Task description: Pull every line holding the word "rule" from the data below and copy it.

________________

(* Let $V$ be a finite set, $\pi$ a probability distribution on $V$, $\mathcal{D}$ a finite set, and for all $x\in\mathcal{D}$ let $M_x\subseteq V$ with $\Pr_{v\sim\pi}[v\in M_x]=\varepsilon$ for a fixed $\varepsilon\in(0,1)$. Work in $\mathbb{C}^{\{\perp\}\cup V}$ (with $\perp\notin V$), let $O_x$ be operators on a space $\mathcal{H}$ with $O_x^2=I$, and set \[|\psi_x\rangle=\frac{1}{\sqrt{\varepsilon}}\sum_{v\in M_x}\sqrt{\pi_v}\,|v\rangle.\] Define $R=\{(|\perp\rangle+|\psi_x\rangle,\ |\perp\rangle-|\psi_x\rangle,\ O_x)\}_{x\in\mathcal{D}}$ and $R'=\{(\mathbb{1}_\perp-\tfrac{1}{\varepsilon}\pi|_{M_x},\ \mathbb{1}_\perp+\mathbb{1}_{M_x},\ O_x)\}_{x\in\mathcal{D}}$, where $\pi|_{M_x}$ is the vector equal to $\pi$ on $M_x$ and $0$ elsewhere and $\mathbb{1}_S$ is the indicator vector of $S$. Then the sets of feasible solutions of $R$ and $R'$ are identical, and $R'$ is a hyperedge problem.
   Context: A state-reflection problem $\{(|\sigma_x^+\rangle,|\sigma_x^-\rangle,O_x)\}_{x\in\mathcal{D}}$ consists of orthogonal vectors $|\sigma_x^\pm\rangle$ in a finite-dimensional space $\mathcal{V}$ and operators $O_x$ on $\mathcal{H}$ with $O_x^2=I$; a feasible solution is a finite-dimensional space $\mathcal{W}$ and vectors $|w_x^s\rangle\in\mathcal{H}\otimes\mathcal{W}$ ($s\in\{+,-\}$) with $\langle\sigma_x^s|\sigma_y^t\rangle-st\langle\sigma_x^s|\sigma_y^t\rangle=\langle w_x^s|((I-O_x^\dagger O_y)\otimes I)|w_y^t\rangle$ for all $x,y$ and $s,t$. A hyperedge problem on a finite set $V'$ is a state-reflection problem over $\mathbb{C}^{V'}$ with $|\sigma_x^+\rangle=\delta_x$, $|\sigma_x^-\rangle=U_x$ such that $\sum_{v}(\delta_x)_v=0$ and $U_x$ is constant on the support of $\delta_x$, for every $x$. *)

theory Defs
  imports Complex_Main
begin

text \<open>Vectors in C^A are functions A-coordinates to complex; the coordinate set is explicit.
  The finite-dimensional space H is C^'h for a finite type 'h; operators on H are 'h x 'h matrices.
  A vector of H (x) W, with W = C^Wc for a finite coordinate set Wc, is a function on 'h x 'w
  (only coordinates in UNIV x Wc matter). Signs s in {+,-} are booleans: True = +, False = -.\<close>

definition cinner :: "'a set \<Rightarrow> ('a \<Rightarrow> complex) \<Rightarrow> ('a \<Rightarrow> complex) \<Rightarrow> complex" where
  "cinner A u v = (\<Sum>i\<in>A. cnj (u i) * v i)"

definition mmult :: "('h::finite \<Rightarrow> 'h \<Rightarrow> complex) \<Rightarrow> ('h \<Rightarrow> 'h \<Rightarrow> complex) \<Rightarrow> ('h \<Rightarrow> 'h \<Rightarrow> complex)" where
  "mmult A B = (\<lambda>i j. \<Sum>k\<in>UNIV. A i k * B k j)"

definition madj :: "('h \<Rightarrow> 'h \<Rightarrow> complex) \<Rightarrow> ('h \<Rightarrow> 'h \<Rightarrow> complex)" where
  "madj A = (\<lambda>i j. cnj (A j i))"

definition midI :: "'h \<Rightarrow> 'h \<Rightarrow> complex" where
  "midI = (\<lambda>i j. if i = j then 1 else 0)"

definition tensor_id_apply :: "('h::finite \<Rightarrow> 'h \<Rightarrow> complex) \<Rightarrow> ('h \<times> 'w \<Rightarrow> complex) \<Rightarrow> ('h \<times> 'w \<Rightarrow> complex)" where
  "tensor_id_apply A w = (\<lambda>(i, a). \<Sum>j\<in>UNIV. A i j * w (j, a))"

definition sgnprod :: "bool \<Rightarrow> bool \<Rightarrow> complex" where
  "sgnprod s t = (if s = t then 1 else -1)"

definition state_reflection_problem ::
  "'a set \<Rightarrow> 'd set \<Rightarrow> ('d \<Rightarrow> bool \<Rightarrow> 'a \<Rightarrow> complex) \<Rightarrow> ('d \<Rightarrow> 'h::finite \<Rightarrow> 'h \<Rightarrow> complex) \<Rightarrow> bool" where
  "state_reflection_problem Vc D \<sigma> Op \<longleftrightarrow>
     finite Vc \<and>
     (\<forall>x\<in>D. \<forall>s. \<forall>i. i \<notin> Vc \<longrightarrow> \<sigma> x s i = 0) \<and>
     (\<forall>x\<in>D. cinner Vc (\<sigma> x True) (\<sigma> x False) = 0) \<and>
     (\<forall>x\<in>D. mmult (Op x) (Op x) = midI)"

definition feasible_solution ::
  "'a set \<Rightarrow> 'd set \<Rightarrow> ('d \<Rightarrow> bool \<Rightarrow> 'a \<Rightarrow> complex) \<Rightarrow> ('d \<Rightarrow> 'h::finite \<Rightarrow> 'h \<Rightarrow> complex)
    \<Rightarrow> 'w set \<Rightarrow> ('d \<Rightarrow> bool \<Rightarrow> 'h \<times> 'w \<Rightarrow> complex) \<Rightarrow> bool" where
  "feasible_solution Vc D \<sigma> Op Wc w \<longleftrightarrow>
     finite Wc \<and>
     (\<forall>x\<in>D. \<forall>y\<in>D. \<forall>s t.
        cinner Vc (\<sigma> x s) (\<sigma> y t) - sgnprod s t * cinner Vc (\<sigma> x s) (\<sigma> y t)
        = cinner (UNIV \<times> Wc) (w x s)
            (tensor_id_apply (\<lambda>i j. midI i j - mmult (madj (Op x)) (Op y) i j) (w y t)))"

definition hyperedge_problem ::
  "'a set \<Rightarrow> 'd set \<Rightarrow> ('d \<Rightarrow> bool \<Rightarrow> 'a \<Rightarrow> complex) \<Rightarrow> ('d \<Rightarrow> 'h::finite \<Rightarrow> 'h \<Rightarrow> complex) \<Rightarrow> bool" where
  "hyperedge_problem Vc D \<sigma> Op \<longleftrightarrow>
     state_reflection_problem Vc D \<sigma> Op \<and>
     (\<forall>x\<in>D. (\<Sum>v\<in>Vc. \<sigma> x True v) = 0 \<and>
            (\<exists>c. \<forall>v\<in>Vc. \<sigma> x True v \<noteq> 0 \<longrightarrow> \<sigma> x False v = c))"


text \<open>Coordinates of C^({bot} u V) are 'v option, with None playing the role of bot (so bot is not in V).\<close>
definition ket_bot :: "'v option \<Rightarrow> complex" where
  "ket_bot = (\<lambda>i. if i = None then 1 else 0)"

definition psi_vec :: "('d \<Rightarrow> 'v set) \<Rightarrow> ('v \<Rightarrow> real) \<Rightarrow> real \<Rightarrow> 'd \<Rightarrow> 'v option \<Rightarrow> complex" where
  "psi_vec M \<pi> \<epsilon> x = (\<lambda>i. case i of None \<Rightarrow> 0
      | Some v \<Rightarrow> if v \<in> M x then complex_of_real (sqrt (\<pi> v) / sqrt \<epsilon>) else 0)"

definition pi_restr :: "('d \<Rightarrow> 'v set) \<Rightarrow> ('v \<Rightarrow> real) \<Rightarrow> 'd \<Rightarrow> 'v option \<Rightarrow> complex" where
  "pi_restr M \<pi> x = (\<lambda>i. case i of None \<Rightarrow> 0
      | Some v \<Rightarrow> if v \<in> M x then complex_of_real (\<pi> v) else 0)"

definition ind_vec :: "('d \<Rightarrow> 'v set) \<Rightarrow> 'd \<Rightarrow> 'v option \<Rightarrow> complex" where
  "ind_vec M x = (\<lambda>i. case i of None \<Rightarrow> 0 | Some v \<Rightarrow> if v \<in> M x then 1 else 0)"

definition sigmaR :: "('d \<Rightarrow> 'v set) \<Rightarrow> ('v \<Rightarrow> real) \<Rightarrow> real \<Rightarrow> 'd \<Rightarrow> bool \<Rightarrow> 'v option \<Rightarrow> complex" where
  "sigmaR M \<pi> \<epsilon> x s = (\<lambda>i. if s then ket_bot i + psi_vec M \<pi> \<epsilon> x i else ket_bot i - psi_vec M \<pi> \<epsilon> x i)"

definition sigmaR' :: "('d \<Rightarrow> 'v set) \<Rightarrow> ('v \<Rightarrow> real) \<Rightarrow> real \<Rightarrow> 'd \<Rightarrow> bool \<Rightarrow> 'v option \<Rightarrow> complex" where
  "sigmaR' M \<pi> \<epsilon> x s = (\<lambda>i. if s then ket_bot i - pi_restr M \<pi> x i / complex_of_real \<epsilon>
                                  else ket_bot i + ind_vec M x i)"

end

theory Submission
  imports Defs
begin

text \<open>A feasible solution constrains \<open>(1 - st) \<langle>\<sigma>\<^sub>x\<^sup>s|\<sigma>\<^sub>y\<^sup>t\<rangle>\<close>, which vanishes for
  \<open>s = t\<close>; so two problems with the same reflections have the same feasible solutions as soon
  as their cross inner products (\<open>s \<noteq> t\<close>) agree. For \<open>R\<close> and \<open>R'\<close> alike these all equal
  \<open>1 - \<pi>(M\<^sub>x \<inter> M\<^sub>y)/\<epsilon>\<close>. For \<open>x = y\<close> this is \<open>1 - \<pi>(M\<^sub>x)/\<epsilon> = 0\<close>, which is also the
  coordinate sum of the \<open>+\<close> state of \<open>R'\<close>; hence \<open>R'\<close> is a hyperedge problem.\<close>

lemma cinner_insert_None_Some:
  assumes "finite V"
  shows "cinner (insert None (Some ` V)) u w
       = cnj (u None) * w None + (\<Sum>v\<in>V. cnj (u (Some v)) * w (Some v))"
  using assms by (simp add: cinner_def sum.reindex image_iff)

lemma cinner_insert_None_Some_eq_one_minus:
  assumes "finite V"
    and "cnj (u None) * w None = 1"
    and "\<And>v. v \<in> V \<Longrightarrow> cnj (u (Some v)) * w (Some v) = - (if v \<in> A then of_real (f v) else 0)"
  shows "cinner (insert None (Some ` V)) u w = 1 - (\<Sum>v\<in>V \<inter> A. of_real (f v))"
proof -
  have "(\<Sum>v\<in>V. cnj (u (Some v)) * w (Some v)) = - (\<Sum>v\<in>V. if v \<in> A then of_real (f v) else 0)"
    using assms(3) by (simp add: sum_negf)
  also have "\<dots> = - (\<Sum>v\<in>V \<inter> A. of_real (f v))"
    using sum.inter_restrict[OF \<open>finite V\<close>, of "\<lambda>v. of_real (f v) :: complex" A] by simp
  finally show ?thesis
    using assms(1,2) by (simp add: cinner_insert_None_Some)
qed

lemma feasible_solution_cong_cross:
  assumes "\<And>x y s t. x \<in> D \<Longrightarrow> y \<in> D \<Longrightarrow> s \<noteq> t \<Longrightarrow>
             cinner Vc (\<sigma> x s) (\<sigma> y t) = cinner Vc (\<sigma>' x s) (\<sigma>' y t)"
  shows "feasible_solution Vc D \<sigma> Op Wc w \<longleftrightarrow> feasible_solution Vc D \<sigma>' Op Wc w"
proof -
  have "cinner Vc (\<sigma> x s) (\<sigma> y t) - sgnprod s t * cinner Vc (\<sigma> x s) (\<sigma> y t)
      = cinner Vc (\<sigma>' x s) (\<sigma>' y t) - sgnprod s t * cinner Vc (\<sigma>' x s) (\<sigma>' y t)"
    if "x \<in> D" "y \<in> D" for x y s t
    using assms[OF that] by (cases "s = t") (auto simp: sgnprod_def)
  then show ?thesis
    unfolding feasible_solution_def by simp
qed

lemma cinner_sigmaR_cross:
  assumes "finite V" and "\<forall>v\<in>V. 0 \<le> \<pi> v" and "0 \<le> \<epsilon>" and "s \<noteq> t"
  shows "cinner (insert None (Some ` V)) (sigmaR M \<pi> \<epsilon> x s) (sigmaR M \<pi> \<epsilon> y t)
       = 1 - (\<Sum>v\<in>V \<inter> (M x \<inter> M y). of_real (\<pi> v / \<epsilon>))"
proof (rule cinner_insert_None_Some_eq_one_minus[OF \<open>finite V\<close>])
  fix v assume "v \<in> V"
  then have "sqrt (\<pi> v) / sqrt \<epsilon> * (sqrt (\<pi> v) / sqrt \<epsilon>) = \<pi> v / \<epsilon>"
    using assms(2,3) by (simp add: real_sqrt_mult[symmetric] real_sqrt_divide[symmetric])
  then have "of_real (sqrt (\<pi> v) / sqrt \<epsilon>) * of_real (sqrt (\<pi> v) / sqrt \<epsilon>) = (of_real (\<pi> v / \<epsilon>) :: complex)"
    by (metis of_real_mult)
  then show "cnj (sigmaR M \<pi> \<epsilon> x s (Some v)) * sigmaR M \<pi> \<epsilon> y t (Some v)
           = - (if v \<in> M x \<inter> M y then of_real (\<pi> v / \<epsilon>) else 0)"
    using \<open>s \<noteq> t\<close> by (cases s; cases t; simp add: sigmaR_def ket_bot_def psi_vec_def)
qed (use \<open>s \<noteq> t\<close> in \<open>cases s; simp add: sigmaR_def ket_bot_def psi_vec_def\<close>)

lemma cinner_sigmaR'_cross:
  assumes "finite V" and "s \<noteq> t"
  shows "cinner (insert None (Some ` V)) (sigmaR' M \<pi> \<epsilon> x s) (sigmaR' M \<pi> \<epsilon> y t)
       = 1 - (\<Sum>v\<in>V \<inter> (M x \<inter> M y). of_real (\<pi> v / \<epsilon>))"
  using assms(2)
  by (intro cinner_insert_None_Some_eq_one_minus[OF \<open>finite V\<close>])
     (cases s; cases t; simp add: sigmaR'_def ket_bot_def pi_restr_def ind_vec_def)+

lemma sum_sigmaR'_True:
  assumes "finite V"
  shows "(\<Sum>i\<in>insert None (Some ` V). sigmaR' M \<pi> \<epsilon> x True i)
       = 1 - (\<Sum>v\<in>V \<inter> M x. of_real (\<pi> v / \<epsilon>))"
proof -
  have "(\<Sum>v\<in>V. sigmaR' M \<pi> \<epsilon> x True (Some v)) = - (\<Sum>v\<in>V. if v \<in> M x then of_real (\<pi> v / \<epsilon>) else 0)"
    unfolding sum_negf[symmetric]
    by (rule sum.cong) (simp_all add: sigmaR'_def ket_bot_def pi_restr_def)
  also have "\<dots> = - (\<Sum>v\<in>V \<inter> M x. of_real (\<pi> v / \<epsilon>))"
    using sum.inter_restrict[OF assms, of "\<lambda>v. of_real (\<pi> v / \<epsilon>) :: complex" "M x"] by simp
  finally show ?thesis
    using assms by (simp add: sum.reindex image_iff sigmaR'_def ket_bot_def pi_restr_def)
qed

lemma hyperedge_problem_sigmaR':
  assumes "finite V" and M_sub: "\<forall>x\<in>D. M x \<subseteq> V" and M_prob: "\<forall>x\<in>D. (\<Sum>v\<in>M x. \<pi> v) = \<epsilon>"
    and "\<epsilon> \<noteq> 0" and "\<forall>x\<in>D. mmult (Op x) (Op x) = midI"
  shows "hyperedge_problem (insert None (Some ` V)) D (sigmaR' M \<pi> \<epsilon>) Op"
proof -
  have normalized: "(\<Sum>v\<in>V \<inter> M x. of_real (\<pi> v / \<epsilon>) :: complex) = 1" if "x \<in> D" for x
  proof -
    have "(\<Sum>v\<in>V \<inter> M x. \<pi> v / \<epsilon>) = 1"
      using M_sub M_prob \<open>\<epsilon> \<noteq> 0\<close> that by (simp add: Int_absorb1 sum_divide_distrib[symmetric])
    then show ?thesis
      by (metis of_real_1 of_real_sum)
  qed
  show ?thesis
    unfolding hyperedge_problem_def state_reflection_problem_def
  proof (intro conjI ballI allI impI)
    fix x assume x: "x \<in> D"
    show "cinner (insert None (Some ` V)) (sigmaR' M \<pi> \<epsilon> x True) (sigmaR' M \<pi> \<epsilon> x False) = 0"
      using cinner_sigmaR'_cross[OF \<open>finite V\<close>, of True False M \<pi> \<epsilon> x x] normalized[OF x] by simp
    show "(\<Sum>i\<in>insert None (Some ` V). sigmaR' M \<pi> \<epsilon> x True i) = 0"
      using sum_sigmaR'_True[OF \<open>finite V\<close>, of M \<pi> \<epsilon> x] normalized[OF x] by simp
    show "\<exists>c. \<forall>i\<in>insert None (Some ` V). sigmaR' M \<pi> \<epsilon> x True i \<noteq> 0 \<longrightarrow> sigmaR' M \<pi> \<epsilon> x False i = c"
      by (rule exI[of _ 1]) (auto simp: sigmaR'_def ket_bot_def pi_restr_def ind_vec_def)
    fix s i assume "i \<notin> insert None (Some ` V)"
    then show "sigmaR' M \<pi> \<epsilon> x s i = 0"
      using M_sub x by (auto simp: sigmaR'_def ket_bot_def pi_restr_def ind_vec_def split: option.split)
  qed (use assms in auto)
qed

theorem theorem5p5:
  fixes V :: "'v set" and \<pi> :: "'v \<Rightarrow> real" and D :: "'d set" and M :: "'d \<Rightarrow> 'v set"
    and \<epsilon> :: real and Op :: "'d \<Rightarrow> 'h::finite \<Rightarrow> 'h \<Rightarrow> complex"
  assumes finV: "finite V"
    and pi_nonneg: "\<forall>v\<in>V. \<pi> v \<ge> 0"
    and pi_sum: "(\<Sum>v\<in>V. \<pi> v) = 1"
    and finD: "finite D"
    and M_sub: "\<forall>x\<in>D. M x \<subseteq> V"
    and M_prob: "\<forall>x\<in>D. (\<Sum>v\<in>M x. \<pi> v) = \<epsilon>"
    and eps_pos: "0 < \<epsilon>" and eps_lt1: "\<epsilon> < 1"
    and O_inv: "\<forall>x\<in>D. mmult (Op x) (Op x) = midI"
  shows "(\<forall>(Wc::'w set) w.
            feasible_solution (insert None (Some ` V)) D (sigmaR M \<pi> \<epsilon>) Op Wc w
            \<longleftrightarrow> feasible_solution (insert None (Some ` V)) D (sigmaR' M \<pi> \<epsilon>) Op Wc w)
         \<and> hyperedge_problem (insert None (Some ` V)) D (sigmaR' M \<pi> \<epsilon>) Op"
proof
  let ?Vc = "insert None (Some ` V)"
  have same_cross: "cinner ?Vc (sigmaR M \<pi> \<epsilon> x s) (sigmaR M \<pi> \<epsilon> y t)
                  = cinner ?Vc (sigmaR' M \<pi> \<epsilon> x s) (sigmaR' M \<pi> \<epsilon> y t)" if "s \<noteq> t" for x y s t
    using cinner_sigmaR_cross[OF finV pi_nonneg less_imp_le[OF eps_pos] that, where M=M and x=x and y=y]
      cinner_sigmaR'_cross[OF finV that, where M=M and \<pi>=\<pi> and \<epsilon>=\<epsilon> and x=x and y=y]
    by (simp only:)
  show "\<forall>(Wc::'w set) w. feasible_solution ?Vc D (sigmaR M \<pi> \<epsilon>) Op Wc w
                          \<longleftrightarrow> feasible_solution ?Vc D (sigmaR' M \<pi> \<epsilon>) Op Wc w"
    by (intro allI feasible_solution_cong_cross same_cross)
  show "hyperedge_problem ?Vc D (sigmaR' M \<pi> \<epsilon>) Op"
    using hyperedge_problem_sigmaR'[OF finV M_sub M_prob _ O_inv] eps_pos by simp
qed

end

________________

Solution to this exercise:
proof (rule cinner_insert_None_Some_eq_one_minus[OF \<open>finite V\<close>])
    by (rule sum.cong) (simp_all add: sigmaR'_def ket_bot_def pi_restr_def)
      by (rule exI[of _ 1]) (auto simp: sigmaR'_def ket_bot_def pi_restr_def ind_vec_def)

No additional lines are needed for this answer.